● **DATA FOR THIS EXERCISE**:
text \<open>
  Fix an input state \<psi> on RA', its output \<rho> = (id \<otimes> N)(\<psi>) and the reduced state
  R = \<psi>_R, which is also the reduced state of \<rho> because N is trace preserving. The output
  of the thermal replacer is R \<otimes> \<gamma> and that of the replacer of 1 is R \<otimes> 1. Since
  \<gamma> = exp(-\<beta> H_A) is invertible, both have the same support, and on it
  ln (R \<otimes> \<gamma>) = ln R \<otimes> 1 - \<beta> \<Pi>_R \<otimes> H_A, where \<Pi>_R is the support projection of R.
  As \<rho> lives on the support of R \<otimes> 1, the projection \<Pi>_R can be dropped, so
  D(\<rho> \<parallel> R \<otimes> \<gamma>) = D(\<rho> \<parallel> R \<otimes> 1) + \<beta> tr[\<rho> (1 \<otimes> H_A)]
  exactly, and for a noninteracting reference tr[\<rho> (1 \<otimes> H_A)] = E(\<rho>) - E(R).
  A supremum of a sum is at most the sum of the suprema, which gives the inequality.
  For a replacer channel the output is R \<otimes> \<omega>, so D(R \<otimes> \<omega> \<parallel> R \<otimes> 1) = -S(\<omega>) and the
  energy change is E(\<omega>), independently of \<psi>: all suprema are attained by every \<psi>.
\<close>

section \<open>Unitary diagonalisation\<close>

abbreviation rdiag :: "nat \<Rightarrow> (nat \<Rightarrow> real) \<Rightarrow> complex mat" where
  "rdiag n d \<equiv> mat_diag n (\<lambda>i. complex_of_real (d i))"

lemma mat_diag_dims [simp]: "dim_row (mat_diag n f) = n" "dim_col (mat_diag n f) = n"
  by (simp_all add: mat_diag_def)

lemma rdiag_cong: "(\<And>k. k < n \<Longrightarrow> f k = g k) \<Longrightarrow> rdiag n f = rdiag n g"
  by (rule eq_matI) (simp_all add: mat_diag_def)

lemma mult_rdiag_index:
  "A \<in> carrier_mat k n \<Longrightarrow> i < k \<Longrightarrow> j < n \<Longrightarrow> (A * rdiag n d) $$ (i,j) = A $$ (i,j) * d j"
  by (subst mat_diag_mult_right[of A k n]) simp_all

lemma rdiag_mult_index:
  "A \<in> carrier_mat n k \<Longrightarrow> i < n \<Longrightarrow> j < k \<Longrightarrow> (rdiag n d * A) $$ (i,j) = d i * A $$ (i,j)"
  by (subst mat_diag_mult_left[of A n k]) simp_all

lemma mult_index_sum:
  assumes "A \<in> carrier_mat a n" "B \<in> carrier_mat n b" "i < a" "j < b"
  shows "(A * B) $$ (i,j) = (\<Sum>l<n. A $$ (i,l) * B $$ (l,j))"
  using assms by (simp add: scalar_prod_def lessThan_atLeast0)

lemma qadj_dims [simp]: "dim_row (qadj A) = dim_col A" "dim_col (qadj A) = dim_row A"
  by (auto simp: qadj_def)

lemma qadj_index [simp]: "i < dim_col A \<Longrightarrow> j < dim_row A \<Longrightarrow> qadj A $$ (i,j) = cnj (A $$ (j,i))"
  by (auto simp: qadj_def)

lemma qadj_carrier [simp]: "A \<in> carrier_mat n m \<Longrightarrow> qadj A \<in> carrier_mat m n"
  unfolding carrier_mat_def by simp

lemma qadj_qadj [simp]: "qadj (qadj A) = A"
  by (rule eq_matI) auto

lemma qadj_rdiag [simp]: "qadj (rdiag n d) = rdiag n d"
  by (rule eq_matI) (auto simp: mat_diag_def)

lemma qadj_one [simp]: "qadj (1\<^sub>m n) = 1\<^sub>m n"
  by (rule eq_matI) auto

lemma qadj_mult: "dim_col A = dim_row B \<Longrightarrow> qadj (A * B) = qadj B * qadj A"
  by (rule eq_matI) (auto simp: scalar_prod_def intro: sum.cong)

lemma qadj_mult_index:
  assumes U: "U \<in> carrier_mat n n" and "i < n" "j < n"
  shows "(qadj U * U) $$ (i,j) = (\<Sum>l<n. cnj (U $$ (l,i)) * U $$ (l,j))"
proof -
  have "(qadj U * U) $$ (i,j) = (\<Sum>l<n. qadj U $$ (i,l) * U $$ (l,j))"
    using assms by (intro mult_index_sum[of _ n n _ n]) simp_all
  also have "\<dots> = (\<Sum>l<n. cnj (U $$ (l,i)) * U $$ (l,j))"
    using assms by (intro sum.cong) (simp_all add: carrier_matD)
  finally show ?thesis .
qed

lemma unitary_carrier [simp]: "unitary n U \<Longrightarrow> U \<in> carrier_mat n n"
  by (simp add: unitary_def)

lemma unitary_left: "unitary n U \<Longrightarrow> qadj U * U = 1\<^sub>m n"
  by (simp add: unitary_def)

lemma unitary_right: "unitary n U \<Longrightarrow> U * qadj U = 1\<^sub>m n"
  unfolding unitary_def by (intro mat_mult_left_right_inverse[of "qadj U" n U]) simp_all

lemma unitary_one: "unitary n (1\<^sub>m n)"
  unfolding unitary_def by simp

lemma unitary_mult:
  assumes U: "unitary n U" and V: "unitary n V"
  shows "unitary n (U * V)"
proof -
  have Uc: "U \<in> carrier_mat n n" and Vc: "V \<in> carrier_mat n n" using U V by simp_all
  have "qadj (U * V) * (U * V) = (qadj V * qadj U) * (U * V)"
    using Uc Vc by (simp add: qadj_mult)
  also have "\<dots> = qadj V * ((qadj U * U) * V)"
    using Uc Vc by (simp add: assoc_mult_mat[of _ n n _ n _ n])
  also have "\<dots> = 1\<^sub>m n" using unitary_left[OF U] unitary_left[OF V] Vc by simp
  finally show ?thesis unfolding unitary_def using Uc Vc by simp
qed

lemma conj_rdiag_carrier: "U \<in> carrier_mat n n \<Longrightarrow> U * rdiag n f * qadj U \<in> carrier_mat n n"
  by (intro carrier_matI) (simp_all add: carrier_matD)

lemma conj_rdiag_index:
  assumes U: "U \<in> carrier_mat n n" and "i < n" "j < n"
  shows "(U * rdiag n d * qadj U) $$ (i,j) = (\<Sum>l<n. U $$ (i,l) * d l * cnj (U $$ (j,l)))"
proof -
  have "(U * rdiag n d * qadj U) $$ (i,j) = (\<Sum>l<n. (U * rdiag n d) $$ (i,l) * qadj U $$ (l,j))"
    using assms by (intro mult_index_sum[of _ n n _ n]) (simp_all add: carrier_matD)
  also have "\<dots> = (\<Sum>l<n. U $$ (i,l) * d l * cnj (U $$ (j,l)))"
    using assms by (intro sum.cong refl, subst mult_rdiag_index[OF U]) simp_all
  finally show ?thesis .
qed

lemma conj_rdiag_add:
  assumes U: "U \<in> carrier_mat n n"
  shows "U * rdiag n f * qadj U + U * rdiag n g * qadj U = U * rdiag n (\<lambda>k. f k + g k) * qadj U"
proof (rule eq_matI)
  fix i j assume "i < dim_row (U * rdiag n (\<lambda>k. f k + g k) * qadj U)"
    "j < dim_col (U * rdiag n (\<lambda>k. f k + g k) * qadj U)"
  hence ij: "i < n" "j < n" using U by simp_all
  have "(U * rdiag n f * qadj U + U * rdiag n g * qadj U) $$ (i,j)
      = (U * rdiag n f * qadj U) $$ (i,j) + (U * rdiag n g * qadj U) $$ (i,j)"
    using ij U by simp
  also have "\<dots> = (\<Sum>l<n. U $$ (i,l) * f l * cnj (U $$ (j,l)) + U $$ (i,l) * g l * cnj (U $$ (j,l)))"
    unfolding conj_rdiag_index[OF U ij] by (rule sum.distrib[symmetric])
  also have "\<dots> = (U * rdiag n (\<lambda>k. f k + g k) * qadj U) $$ (i,j)"
    unfolding conj_rdiag_index[OF U ij] by (intro sum.cong refl) (simp add: algebra_simps)
  finally show "(U * rdiag n f * qadj U + U * rdiag n g * qadj U) $$ (i,j)
      = (U * rdiag n (\<lambda>k. f k + g k) * qadj U) $$ (i,j)" .
qed (use U in simp_all)
(* Let $\alpha>0$ and let $\nu_1\in\mathcal M^+_\alpha(\mathbb R)$ with $\operatorname{supp}\nu_1\subset(-\infty,0]$. Then for every $\beta>0$, $$C_\alpha[\nu_1](z)=e^{i\pi\beta}\,C_{\alpha+\beta}[\nu_2](z),\qquad z\in\mathbb C^+,$$ where $\nu_2\in\mathcal M^+_{\alpha+\beta}(\mathbb R)$ is the locally absolutely continuous measure $$\nu_2(d\tau)=\frac1{B(\alpha,\beta)}\Big(\int_{(\tau,0]}(t-\tau)^{\beta-1}\nu_1(dt)\Big)d\tau.$$
   Context: $\mathbb C^+=\{z:\operatorname{Im}z>0\}$. For $\alpha\ge0$, $\mathcal M^+_\alpha(\mathbb R)$ is the set of positive Borel (Radon) measures $\mu$ on $\mathbb R$ with $\int_{\mathbb R}(1+|t|)^{-\alpha}\mu(dt)<\infty$. For $\alpha>0$, $C_\alpha[\mu](z)=\int_{\mathbb R}\frac{\mu(dt)}{(z+t)^\alpha}$, $z\in\mathbb C^+$, with the principal branch of the power. $B$ is the beta function. *)

theory Defs
  imports "HOL-Analysis.Analysis"
begin

definition Mplus :: "real \<Rightarrow> real measure \<Rightarrow> bool" where
  "Mplus \<alpha> \<mu> \<longleftrightarrow> sets \<mu> = sets borel \<and>
     (\<integral>\<^sup>+ t. ennreal ((1 + \<bar>t\<bar>) powr (-\<alpha>)) \<partial>\<mu>) < \<infinity>"

text \<open>Generalized Cauchy transform C_alpha[mu](z) = int mu(dt) / (z+t)^alpha,
  principal branch (complex powr uses the principal logarithm Ln).\<close>
definition Ctrans :: "real \<Rightarrow> real measure \<Rightarrow> complex \<Rightarrow> complex" where
  "Ctrans \<alpha> \<mu> z = (\<integral> t. 1 / ((z + complex_of_real t) powr complex_of_real \<alpha>) \<partial>\<mu>)"

definition nu2 :: "real \<Rightarrow> real \<Rightarrow> real measure \<Rightarrow> real measure" where
  "nu2 \<alpha> \<beta> \<nu> = density lborel (\<lambda>\<tau>. ennreal (1 / Beta \<alpha> \<beta>) *
      (\<integral>\<^sup>+ t. indicator {\<tau><..0} t * ennreal ((t - \<tau>) powr (\<beta> - 1)) \<partial>\<nu>))"

end

theory Submission
  imports Defs "HOL-Complex_Analysis.Cauchy_Integral_Theorem"
begin
definition sigma :: "nat \<Rightarrow> mat2 \<Rightarrow> mat2 \<Rightarrow> int" where
  "sigma p g1 g2 = hilbert p (qdiv p (cfun p (mmul p g1 g2)) (cfun p g1))
                             (qdiv p (qmul p (mdet p g1) (cfun p (mmul p g1 g2))) (cfun p g2))"

text \<open>The metaplectic cover: G x mu_2 with mu_2 = {1,-1} (as integers).\<close>
definition Gt :: "nat \<Rightarrow> (mat2 \<times> int) set" where
  "Gt p = GL2 p \<times> {1, -1}"

definition gt_mult :: "nat \<Rightarrow> mat2 \<times> int \<Rightarrow> mat2 \<times> int \<Rightarrow> mat2 \<times> int" where
  "gt_mult p x y = (case x of (g1, z1) \<Rightarrow> case y of (g2, z2) \<Rightarrow>
                      (mmul p g1 g2, z1 * z2 * sigma p g1 g2))"

definition gt_one :: "nat \<Rightarrow> mat2 \<times> int" where
  "gt_one p = (mone p, 1)"

text \<open>Principal congruence subgroups K_n = 1 + p^n M_2(Z_p); together with the discreteness
  of mu_2 they give a neighbourhood basis of the identity of the topological group G x mu_2,
  namely the sets K_n x {1}.\<close>
definition vge :: "nat \<Rightarrow> qp \<Rightarrow> nat \<Rightarrow> bool" where
  "vge p x n \<longleftrightarrow> x = qzero p \<or> qval p x \<ge> int n"

definition Kn :: "nat \<Rightarrow> nat \<Rightarrow> mat2 set" where
  "Kn p n = {(a, b, c, d) \<in> GL2 p. vge p (qsub p a (qone p)) n \<and> vge p b n \<and>
                                   vge p c n \<and> vge p (qsub p d (qone p)) n}"

text \<open>A representation of dimension CARD('n) \<ge> 1 over k, given by matrices.\<close>
definition is_rep :: "nat \<Rightarrow> (mat2 \<times> int \<Rightarrow> 'k::field ^'n^'n) \<Rightarrow> bool" where
  "is_rep p \<rho> \<longleftrightarrow> \<rho> (gt_one p) = mat 1 \<and>
     (\<forall>x\<in>Gt p. \<forall>y\<in>Gt p. \<rho> (gt_mult p x y) = \<rho> x ** \<rho> y)"

text \<open>Smooth: the stabiliser of every vector is open, i.e. contains some K_n x {1}.\<close>
definition is_smooth :: "nat \<Rightarrow> (mat2 \<times> int \<Rightarrow> 'k::field ^'n^'n) \<Rightarrow> bool" where
  "is_smooth p \<rho> \<longleftrightarrow> (\<forall>v::'k^'n. \<exists>n. \<forall>g\<in>Kn p n. \<rho> (g, 1) *v v = v)"

text \<open>Genuine: mu_2 acts through the nontrivial character iota, iota(-1) = -1.\<close>
definition is_genuine :: "nat \<Rightarrow> (mat2 \<times> int \<Rightarrow> 'k::field ^'n^'n) \<Rightarrow> bool" where
  "is_genuine p \<rho> \<longleftrightarrow> \<rho> (mone p, -1) = - mat 1"

end

theory Submission
  imports Defs
begin

text \<open>
  The genuine cover is non-split in a very concrete way: M = [[1 + x y, x], [y, 1]] and H = M + l
  commute in G, but for suitable rational x, y, l their lifts anticommute, because the two orders
  of multiplication produce the Hilbert symbols (s, s) = 1 and (s, p s) = -1 for a unit s that is
  not a square mod p. A smooth finite-dimensional representation is trivial on some K_N; taking
  y = p^N and conjugating upper unipotent elements into K_N by diagonal matrices shows that the
  lift of M acts trivially. Then \<rho>(H) = \<rho>(M) \<rho>(H) = \<rho>(H) \<rho>(M) (-1) = - \<rho>(H), so the
  invertible operator \<rho>(H) vanishes when 2 \<noteq> 0 in k, which is absurd.
  All elements involved have rational entries, so the computations inside Q_p only need the
  image of the rationals in the Cauchy-sequence model.
\<close>

section \<open>The p-adic valuation on the rationals\<close>

lemma prime_int_not_dvd_one: "prime p \<Longrightarrow> \<not> int p dvd 1"
  by (metis prime_nat_int_transfer not_prime_unit)

lemma rat_nonzero_fractionE:
  assumes "x \<noteq> (0::rat)"
  obtains a b where "a \<noteq> 0" "b \<noteq> 0" "x = of_int a / of_int b"
proof -
  obtain a b where q: "quotient_of x = (a, b)" by (cases "quotient_of x")
  have "x = of_int a / of_int b" by (rule quotient_of_div[OF q])
  moreover have "b > 0" using quotient_of_denom_pos[OF q] .
  ultimately show ?thesis using that assms by force
qed

lemma rat_val_of_int_divide:
  assumes "prime p" "a \<noteq> 0" "b \<noteq> 0"
  shows "rat_val p (of_int a / of_int b) =
           int (multiplicity (int p) a) - int (multiplicity (int p) b)"
proof -
  let ?r = "of_int a / of_int b :: rat" and ?m = "multiplicity (int p)"
  obtain a0 b0 where q: "quotient_of ?r = (a0, b0)" by (cases "quotient_of ?r")
  have r: "?r = of_int a0 / of_int b0" by (rule quotient_of_div[OF q])
  have b0: "b0 > 0" using quotient_of_denom_pos[OF q] .
  have r0: "?r \<noteq> 0" using assms by simp
  hence a0: "a0 \<noteq> 0" using r by auto
  have "of_int a * of_int b0 = (of_int a0 * of_int b :: rat)"
    using r assms b0 by (simp add: field_simps)
  hence "a * b0 = a0 * b" by (metis of_int_eq_iff of_int_mult)
  hence "?m (a * b0) = ?m (a0 * b)" by simp
  hence "?m a + ?m b0 = ?m a0 + ?m b"
    using prime_elem_multiplicity_mult_distrib[of "int p"] assms a0 b0 by simp
  thus ?thesis unfolding rat_val_def using q r0 by simp
qed

lemma rat_val_mult:
  assumes "prime p" "x \<noteq> 0" "y \<noteq> 0"
  shows "rat_val p (x * y) = rat_val p x + rat_val p y"
proof -
  obtain a b where ab: "a \<noteq> 0" "b \<noteq> 0" "x = of_int a / of_int b"
    using rat_nonzero_fractionE[OF assms(2)] by blast
  obtain c d where cd: "c \<noteq> 0" "d \<noteq> 0" "y = of_int c / of_int d"
    using rat_nonzero_fractionE[OF assms(3)] by blast
  let ?m = "multiplicity (int p)"
  have "x * y = of_int (a * c) / of_int (b * d)" using ab cd by simp
  hence "rat_val p (x * y) = int (?m (a * c)) - int (?m (b * d))"
    using rat_val_of_int_divide[OF assms(1), of "a * c" "b * d"] ab cd by simp
  moreover have "rat_val p x = int (?m a) - int (?m b)" "rat_val p y = int (?m c) - int (?m d)"
    using rat_val_of_int_divide[OF assms(1)] ab cd by auto
  moreover have "?m (a * c) = ?m a + ?m c" "?m (b * d) = ?m b + ?m d"
    using prime_elem_multiplicity_mult_distrib[of "int p"] assms(1) ab cd by auto
  ultimately show ?thesis by simp
qed

lemma rat_val_inverse:
  assumes "prime p" "x \<noteq> 0"
  shows "rat_val p (inverse x) = - rat_val p x"
proof -
  obtain a b where ab: "a \<noteq> 0" "b \<noteq> 0" "x = of_int a / of_int b"
    using rat_nonzero_fractionE[OF assms(2)] by blast
  have "inverse x = of_int b / of_int a" using ab by simp
  thus ?thesis using rat_val_of_int_divide[OF assms(1)] ab by simp
qed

● **EXERCISE**:
What you output must match the lines from the beginning of the material through the line with "R = \<psi>_R, which" exactly, both ends included.

● **RESPONSE BELOW**:
text \<open>
  Fix an input state \<psi> on RA', its output \<rho> = (id \<otimes> N)(\<psi>) and the reduced state
  R = \<psi>_R, which is also the reduced state of \<rho> because N is trace preserving. The output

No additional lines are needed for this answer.